Quelles sont les conséquences d'une inscription au cadastre, exception faite de l'obligation d'exécuter les mesures exigées par le droit de l'environnement ou d'en supporter les coûts?

Dans des cas particuliers, l'autorité peut exiger du perturbateur par situation ainsi que du pollueur une garantie de la couverture des coûts prévisibles, proportionnellement à leurs parts de responsabilité. En outre, la cession d'un terrain inscrit au cadastre en raison de l'existence d'un risque d'atteintes nuisibles ou incommodantes est soumise à autorisation, dont l'octroi est en général subordonné à la constitution de sûretés. Enfin, si le site est pollué, l'élimination des matériaux d'excavation est soumise à des règles spéciales, y compris en matière de prise en charge des coûts.

Peut-on régler contractuellement l'obligation d'exécuter les mesures du droit de l'environnement ainsi que la prise en charge des coûts ?

Dans le cadre de transactions immobilières, les parties peuvent convenir d'une répartition des obligations et des responsabilités différente de celles prévues par le droit public de l'environnement.
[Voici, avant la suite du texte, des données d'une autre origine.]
(* Let $(p^1_n)_{n\in\mathbb Z},\dots,(p^d_n)_{n\in\mathbb Z}$ be scalar Lyapunov sequences satisfying $p^i_n=p^i_{-n}$ for all $n\in\mathbb Z$ and $i=1,\dots,d$. Let $(C_n)_{n\in\mathbb Z}$, $C_n=(c^{(n)}_{ij})_{1\le i,j\le d}$, be an arbitrary bounded sequence of upper-triangular matrices in $\mathbb R^{d\times d}$ with $c^{(n)}_{ii}=p^i_n$ for all $n\in\mathbb Z$, $i=1,\dots,d$. Then the dichotomy spectrum of the system $x_{n+1}=C_nx_n$ is \[ \Sigma_{\rm ED}(C)=\bigcup_{i=1}^d\Sigma_{\rm ED}(p^i), \] where $\Sigma_{\rm ED}(p^i)$ is the dichotomy spectrum of the scalar system $z_{n+1}=p^i_nz_n$, $n\in\mathbb Z$.
   Context: A scalar Lyapunov sequence is a sequence $(p_n)_{n\in\mathbb Z}$ of nonzero reals with $\sup_n|p_n|<\infty$ and $\sup_n|p_n|^{-1}<\infty$. For a sequence $(M_n)_{n\in\mathbb Z}$ of invertible $p\times p$ real matrices with $(M_n)$ and $(M_n^{-1})$ bounded, the evolution operator of $x_{n+1}=M_nx_n$ is $\Phi_M(m,n)=M_{m-1}\cdots M_n$ for $m>n$, $\Phi_M(n,n)=\mathrm{id}$, $\Phi_M(m,n)=M_m^{-1}\cdots M_{n-1}^{-1}$ for $m<n$. The system has an exponential dichotomy (ED) on $\mathbb Z$ if there exist $K,\alpha>0$ and invariant projections $(P_n)_{n\in\mathbb Z}$ ($P_m\Phi_M(m,n)=\Phi_M(m,n)P_n$) with $\|\Phi_M(m,n)P_n\|\le Ke^{-\alpha(m-n)}$ for $m\ge n$ and $\|\Phi_M(m,n)(\mathrm{id}-P_n)\|\le Ke^{\alpha(m-n)}$ for $m\le n$. The dichotomy spectrum $\Sigma_{\rm ED}(M)$ is the set of $\gamma\in\mathbb R$ for which $x_{n+1}=e^{-\gamma}M_nx_n$ has no ED on $\mathbb Z$. *)

theory Defs
  imports "HOL-Analysis.Analysis"
begin

definition lyapunov_seq :: "(int \<Rightarrow> real) \<Rightarrow> bool" where
  "lyapunov_seq p \<longleftrightarrow> (\<forall>n. p n \<noteq> 0) \<and> bdd_above (range (\<lambda>n. \<bar>p n\<bar>))
     \<and> bdd_above (range (\<lambda>n. 1 / \<bar>p n\<bar>))"

fun fwd_prod :: "(int \<Rightarrow> real^'d^'d) \<Rightarrow> int \<Rightarrow> nat \<Rightarrow> real^'d^'d" where
  "fwd_prod M n 0 = mat 1"
| "fwd_prod M n (Suc k) = M (n + int k) ** fwd_prod M n k"

fun bwd_prod :: "(int \<Rightarrow> real^'d^'d) \<Rightarrow> int \<Rightarrow> nat \<Rightarrow> real^'d^'d" where
  "bwd_prod M n 0 = mat 1"
| "bwd_prod M n (Suc k) = matrix_inv (M (n - 1 - int k)) ** bwd_prod M n k"

definition evol :: "(int \<Rightarrow> real^'d^'d) \<Rightarrow> int \<Rightarrow> int \<Rightarrow> real^'d^'d" where
  "evol M m n = (if n \<le> m then fwd_prod M n (nat (m - n)) else bwd_prod M n (nat (n - m)))"

definition has_ED :: "(int \<Rightarrow> real^'d^'d) \<Rightarrow> bool" where
  "has_ED M \<longleftrightarrow> (\<exists>K \<alpha> (P :: int \<Rightarrow> real^'d^'d). K > 0 \<and> \<alpha> > 0
     \<and> (\<forall>n. P n ** P n = P n)
     \<and> (\<forall>m n. P m ** evol M m n = evol M m n ** P n)
     \<and> (\<forall>m n. n \<le> m \<longrightarrow> norm (evol M m n ** P n) \<le> K * exp (- \<alpha> * real_of_int (m - n)))
     \<and> (\<forall>m n. m \<le> n \<longrightarrow> norm (evol M m n ** (mat 1 - P n)) \<le> K * exp (\<alpha> * real_of_int (m - n))))"

definition ED_spectrum :: "(int \<Rightarrow> real^'d^'d) \<Rightarrow> real set" where
  "ED_spectrum M = {\<gamma>. \<not> has_ED (\<lambda>n. exp (- \<gamma>) *\<^sub>R M n)}"

definition scalar_sys :: "(int \<Rightarrow> real) \<Rightarrow> int \<Rightarrow> real^1^1" where
  "scalar_sys p n = mat (p n)"

definition upper_triangular :: "(real, 'd::{finite,linorder}) vec^('d::{finite,linorder}) \<Rightarrow> bool" where
  "upper_triangular A \<longleftrightarrow> (\<forall>i j. j < i \<longrightarrow> A $ i $ j = 0)"

end

theory Submission
  imports Defs
begin

lemma finite_linorder_downward_induct [case_names step]:
  fixes P :: "'a::{finite,linorder} \<Rightarrow> bool"
  assumes step: "\<And>i. (\<And>j. i < j \<Longrightarrow> P j) \<Longrightarrow> P i"
  shows "P i"
proof (induction i rule: measure_induct_rule[where f = "\<lambda>i. card {j. i < j}"])
  case (less i)
  show ?case
  proof (rule step)
    fix j assume "i < j"
    then have "{k. j < k} \<subset> {k. i < k}" by auto
    then show "P j" by (intro less psubset_card_mono) simp_all
  qed
qed

lemma sum_UNIV_single:
  fixes f :: "'a::finite \<Rightarrow> 'b::comm_monoid_add"
  assumes "\<And>k. k \<noteq> i \<Longrightarrow> f k = 0"
  shows "sum f UNIV = f i"
  using assms by (subst sum.remove[of UNIV i]) (auto intro: sum.neutral)

lemma norm_matrix_eq_sqrt_sum_squares:
  "norm (A :: real^'n^'m) = sqrt (\<Sum>i\<in>UNIV. \<Sum>j\<in>UNIV. (A $ i $ j)\<^sup>2)"
  by (simp add: norm_vec_def L2_set_def sum_nonneg)

lemma norm_transpose: "norm (transpose A) = norm (A :: real^'n^'m)"
proof -
  have "norm (transpose A) = sqrt (\<Sum>j\<in>UNIV. \<Sum>i\<in>UNIV. (A $ i $ j)\<^sup>2)"
    by (simp add: norm_matrix_eq_sqrt_sum_squares transpose_def)
  also have "\<dots> = sqrt (\<Sum>i\<in>UNIV. \<Sum>j\<in>UNIV. (A $ i $ j)\<^sup>2)"
    by (subst sum.swap) (rule refl)
  also have "\<dots> = norm A"
    by (simp add: norm_matrix_eq_sqrt_sum_squares)
  finally show ?thesis .
qed

lemma abs_matrix_entry_le_norm: "\<bar>A $ i $ j\<bar> \<le> norm (A :: real^'n^'m)"
  using component_le_norm_cart[of "A $ i" j] Finite_Cartesian_Product.norm_nth_le[of A i] by linarith

lemma norm_matrix_le_entrywise:
  fixes A :: "real^'n^'m"
  assumes "\<And>i j. \<bar>A $ i $ j\<bar> \<le> c"
  shows "norm A \<le> real CARD('m) * real CARD('n) * c"
proof -
  have "norm A \<le> (\<Sum>i\<in>UNIV. norm (A $ i))"
    by (simp add: norm_vec_def L2_set_le_sum)
  also have "\<dots> \<le> (\<Sum>i\<in>(UNIV::'m set). \<Sum>j\<in>(UNIV::'n set). c)"
    by (intro sum_mono order_trans[OF norm_le_l1_cart] assms)
  finally show ?thesis by simp
qed

lemma norm_matrix_vector_mult_le: "norm (A *v x) \<le> norm (A :: real^'n^'m) * norm x"
proof -
  have "norm (A *v x) = L2_set (\<lambda>i. \<bar>A $ i \<bullet> x\<bar>) UNIV"
    by (simp add: norm_vec_def matrix_mult_dot)
  also have "\<dots> \<le> L2_set (\<lambda>i. norm (A $ i) * norm x) UNIV"
    by (rule L2_set_mono) (simp_all add: Cauchy_Schwarz_ineq2)
  also have "\<dots> = norm A * norm x"
    unfolding norm_vec_def[of A] by (rule L2_set_left_distrib[symmetric]) simp
  finally show ?thesis .
qed
definition is_parking_function :: "nat \<Rightarrow> nat list \<Rightarrow> bool" where
  "is_parking_function n p \<longleftrightarrow> p \<in> pref_set n \<and> outcome n p \<noteq> None"

definition is_unit_interval_pf :: "nat \<Rightarrow> nat list \<Rightarrow> bool" where
  "is_unit_interval_pf n p \<longleftrightarrow> is_parking_function n p \<and>
     (\<forall>i<n. the (outcome n p) ! i - p ! i \<le> 1)"

definition UPF_inc :: "nat \<Rightarrow> nat list set" where
  "UPF_inc n = {p. is_unit_interval_pf n p \<and> sorted p}"

definition height :: "int list \<Rightarrow> nat \<Rightarrow> int" where
  "height l k = sum_list (take k l)"

definition is_luk_word :: "nat \<Rightarrow> int list \<Rightarrow> bool" where
  "is_luk_word n l \<longleftrightarrow> length l = n \<and> (\<forall>x\<in>set l. x \<ge> -1) \<and>
     (\<forall>k\<in>{1..n}. height l k \<ge> 0) \<and> height l n = 0"

definition is_motzkin :: "nat \<Rightarrow> int list \<Rightarrow> bool" where
  "is_motzkin n l \<longleftrightarrow> is_luk_word n l \<and> (\<forall>x\<in>set l. x \<le> 1)"

definition Motz_le1 :: "nat \<Rightarrow> int list set" where
  "Motz_le1 n = {l. is_motzkin n l \<and> (\<forall>k\<in>{1..n}. height l k \<le> 1)}"

definition Psi_PF_Luk :: "nat \<Rightarrow> nat list \<Rightarrow> int list" where
  "Psi_PF_Luk n p = map (\<lambda>i. int (card {k. k < n \<and> p ! k = i}) - 1) [1..<n+1]"

end

theory Submission
  imports Defs
begin

(* A weakly increasing parking function parks car i in spot i, so it is unit-interval exactly
   when p_i \<in> {i - 1, i} for every i (with p_1 = 1).  Such a p is determined by the set S of
   cars with p_i = i - 1, an arbitrary subset of {2..n}.  Under \<Psi> the spot i is preferred by
   car i unless i \<in> S and by car i + 1 if i + 1 \<in> S, so \<ell>_i = [i + 1 \<in> S] - [i \<in> S] and the
   path has height [k + 1 \<in> S] after k steps: the Motzkin paths of height at most one are
   exactly these, one for each S.  Both sets are thus in bijection with the subsets of an
   (n - 1)-element set, compatibly with \<Psi>. *)

lemma park_SomeD:
  "park n occ q = Some os \<Longrightarrow> length os = length q \<and> distinct os \<and> set os \<inter> occ = {}
     \<and> (\<forall>j<length q. q!j \<le> os!j \<and> os!j \<le> n)"
proof (induction q arbitrary: occ os)
  case Nil
  then show ?case by simp
next
  case (Cons a ps)
  define s where "s = (LEAST k. a \<le> k \<and> k \<le> n \<and> k \<notin> occ)"
  have ex: "\<exists>k. a \<le> k \<and> k \<le> n \<and> k \<notin> occ"
    using Cons.prems by (auto split: if_splits)
  have s: "a \<le> s \<and> s \<le> n \<and> s \<notin> occ" unfolding s_def using ex by (rule LeastI_ex)
  obtain os' where os': "park n (insert s occ) ps = Some os'" and os: "os = s # os'"
    using Cons.prems ex by (auto simp: Let_def s_def[symmetric])
  note IH = Cons.IH[OF os']
  show ?case
  proof (intro conjI allI impI)
    fix j assume "j < length (a # ps)"
    then show "(a # ps) ! j \<le> os ! j" "os ! j \<le> n" using IH s os by (cases j; auto)+
  qed (use IH s os in auto)
qed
Toutefois, les autorités ne sont pas liées par ces conventions entre les parties lorsqu'elles rendent une décision concernant la mise en œuvre de mesures environnementales ou une décision de répartition des coûts. Pour cette raison, un soin particulier doit être apporté à la rédaction des clauses et garanties contractuelles. Par ailleurs, il faut prendre en considération le fait que les obligations contractuelles sont de durée limitée alors que les obligations du droit environnemental ne se prescrivent pas.